What you should do >> Check each line of the entries below for the string "with"; copy every line where it appears.

Data shown >>
lemma return_word_no_inner_occurrence:
  assumes "return_word X u (d @ e)" and "d \<noteq> []" and "e \<noteq> []"
  shows "\<not> prefix u (e @ u)"
proof
  assume "prefix u (e @ u)"
  obtain i j where ij: "successive_occ X u i j" "d @ e = map X [i..<j]"
    using assms(1) unfolding return_word_def by blast
  then have "occurs_at X u j" "i < j"
    unfolding successive_occ_def by auto
  define l where "l = i + length d"
  have "length d + length e = j - i"
    using arg_cong[OF ij(2), of length] by simp
  moreover have "0 < length e"
    using assms(3) by simp
  ultimately have "l < j"
    using \<open>i < j\<close> unfolding l_def by linarith
  have "e @ u = drop (length d) (map X [i..<j] @ map X [j..<j + length u])"
    using ij(2) \<open>occurs_at X u j\<close> by (simp flip: ij(2) add: occurs_at_iff_map_upt)
  also have "\<dots> = map X [l..<j + length u]"
    using \<open>i < j\<close> \<open>l < j\<close> by (simp add: map_upt_append drop_map l_def)
  finally have "map X [l..<l + length u] = u"
    using \<open>prefix u (e @ u)\<close> \<open>l < j\<close>
    by (metis add_le_mono1 less_imp_le prefix_def take_append take_map take_upt append_eq_conv_conj length_append)
  then have "occurs_at X u l"
    by (simp add: occurs_at_iff_map_upt)
  moreover have "i < l"
    using assms(2) by (simp add: l_def)
  ultimately show False
    using ij(1) \<open>l < j\<close> unfolding successive_occ_def by blast
qed

lemma return_word_prefix_unique:
  assumes "return_word X u w1" and "return_word X u w2" and "w1 @ s1 = w2 @ s2"
    and "prefix u (s1 @ u)" and "prefix u (s2 @ u)"
  shows "w1 = w2"
proof -
  have no_strict: "\<not> strict_prefix w w'"
    if rw: "return_word X u w" and rw': "return_word X u w'" and eq: "w @ s = w' @ s'"
      and pre: "prefix u (s @ u)" and pre': "prefix u (s' @ u)"
    for w w' s s'
  proof
    assume "strict_prefix w w'"
    then obtain e where e: "w' = w @ e" "e \<noteq> []"
      by (auto elim: strict_prefixE')
    with eq have "s = e @ s'"
      by simp
    obtain r where "s' @ u = u @ r"
      using pre' by (auto elim: prefixE)
    with \<open>s = e @ s'\<close> pre have "prefix u ((e @ u) @ r)"
      by simp
    then have "prefix u (e @ u)"
      by (rule prefix_length_prefix) simp_all
    with e show False
      using return_word_no_inner_occurrence[of X u w e] rw' return_word_nonempty[OF rw] by simp
  qed
  have "prefix w1 (w2 @ s2)" "prefix w2 (w2 @ s2)"
    using assms(3) by (metis prefixI)+
  then have "prefix w1 w2 \<or> prefix w2 w1"
    by (rule prefix_same_cases)
  then show ?thesis
    using no_strict[OF assms] no_strict[OF assms(2,1) assms(3)[symmetric] assms(5,4)]
    by (auto simp: strict_prefix_def)
qed

lemma morph_return_enum_inj:
  assumes "return_enum X u N \<Theta>"
    and "set xs \<subseteq> {1..N}" and "set ys \<subseteq> {1..N}" and "morph \<Theta> xs = morph \<Theta> ys"
  shows "xs = ys"
  using assms(2-)
proof (induction xs arbitrary: ys)
  case Nil
  then show ?case
    using return_word_nonempty[OF return_enum_return_word[OF assms(1)]] by (cases ys) auto
next
  case (Cons x xs)
  then obtain y ys' where ys: "ys = y # ys'"
    using return_word_nonempty[OF return_enum_return_word[OF assms(1)]] by (cases ys) auto
  have "x \<in> {1..N}" "y \<in> {1..N}" "set xs \<subseteq> {1..N}" "set ys' \<subseteq> {1..N}"
    using Cons.prems ys by auto
  moreover have "\<Theta> x @ morph \<Theta> xs = \<Theta> y @ morph \<Theta> ys'"
    using Cons.prems(3) ys by simp
  ultimately have "\<Theta> x = \<Theta> y"
    using return_word_prefix_unique[OF return_enum_return_word[OF assms(1)]
        return_enum_return_word[OF assms(1)] _ morph_return_enum_prefix[OF assms(1)]
        morph_return_enum_prefix[OF assms(1)]]
    by blast
  moreover have "inj_on \<Theta> {1..N}"
    using assms(1) unfolding return_enum_def bij_betw_def by blast
  ultimately have "x = y"
    using \<open>x \<in> {1..N}\<close> \<open>y \<in> {1..N}\<close> by (auto dest: inj_onD)
  moreover have "xs = ys'"
    using Cons.IH \<open>set xs \<subseteq> {1..N}\<close> \<open>set ys' \<subseteq> {1..N}\<close> Cons.prems(3) ys \<open>\<Theta> x = \<Theta> y\<close> by simp
  ultimately show ?case
    using ys by simp
qed

section \<open>Return substitutions\<close>

lemma return_subst_letters:
  "return_subst \<tau> X u N \<Theta> \<sigma> \<Longrightarrow> \<forall>j\<in>{1..N}. set (\<sigma> j) \<subseteq> {1..N}"
  unfolding return_subst_def by blast

lemma return_subst_morph_pow:
  assumes "return_subst \<tau> X u N \<Theta> \<sigma>" and "set xs \<subseteq> {1..N}"
  shows "(morph \<tau> ^^ k) (morph \<Theta> xs) = morph \<Theta> ((morph \<sigma> ^^ k) xs)"
proof (induction k)
  case (Suc k)
  have step: "morph \<tau> (morph \<Theta> ys) = morph \<Theta> (morph \<sigma> ys)" if "set ys \<subseteq> {1..N}" for ys
    using assms(1) that unfolding return_subst_def subst_word_eq_morph morph_morph
    by (intro morph_cong) (auto simp flip: morph_def)
  have "set ((morph \<sigma> ^^ k) xs) \<subseteq> {1..N}"
    using set_morph_pow_subset[OF return_subst_letters[OF assms(1)] assms(2)] .
  with Suc show ?case
    by (simp add: step)
qed simp

lemma fixed_point_return_words_morph_pow:
  assumes sub: "substitution A \<tau> a" and prim: "primitive A \<tau>" and fp: "is_fixed_point A \<tau> a X"
    and u: "is_prefix_of u X" and v: "v \<noteq> []" "is_prefix_of v X"
    and eu: "return_enum X u Nu \<Theta>u" and ev: "return_enum X v Nv \<Theta>v"
  shows "\<exists>n \<rho>. \<forall>j\<in>{1..Nv}. set (\<rho> j) \<subseteq> {1..Nu} \<and> morph \<Theta>u (\<rho> j) = (morph \<tau> ^^ n) (\<Theta>v j)"
proof -
  obtain n where n: "\<And>i. occurs_at X v i \<Longrightarrow> occurs_at X u (morph_pow_pos \<tau> n X i)"
    using fixed_point_prefix_occurs_transfer[OF sub prim fp u v] by blast
  have "\<exists>xs. set xs \<subseteq> {1..Nu} \<and> morph \<Theta>u xs = (morph \<tau> ^^ n) (\<Theta>v j)" if j: "j \<in> {1..Nv}" for j
  proof -
    obtain i k where "successive_occ X v i k" "\<Theta>v j = map X [i..<k]"
      using return_enum_return_word[OF ev j] unfolding return_word_def by blast
    then have "i \<le> k" "occurs_at X v i" "occurs_at X v k"
      "(morph \<tau> ^^ n) (\<Theta>v j) = map X [morph_pow_pos \<tau> n X i..<morph_pow_pos \<tau> n X k]"
      using fixed_point_morph_pow_segment(2)[OF fp] unfolding successive_occ_def by auto
    then show ?thesis
      using return_enum_factorization[OF eu fixed_point_morph_pow_segment(1)[OF fp \<open>i \<le> k\<close>] n n]
      by auto
  qed
  then show ?thesis
    by metis
qed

Result of the exercise >>
    with eq have "s = e @ s'"
    with \<open>s = e @ s'\<close> pre have "prefix u ((e @ u) @ r)"
    with e show False
  with Suc show ?case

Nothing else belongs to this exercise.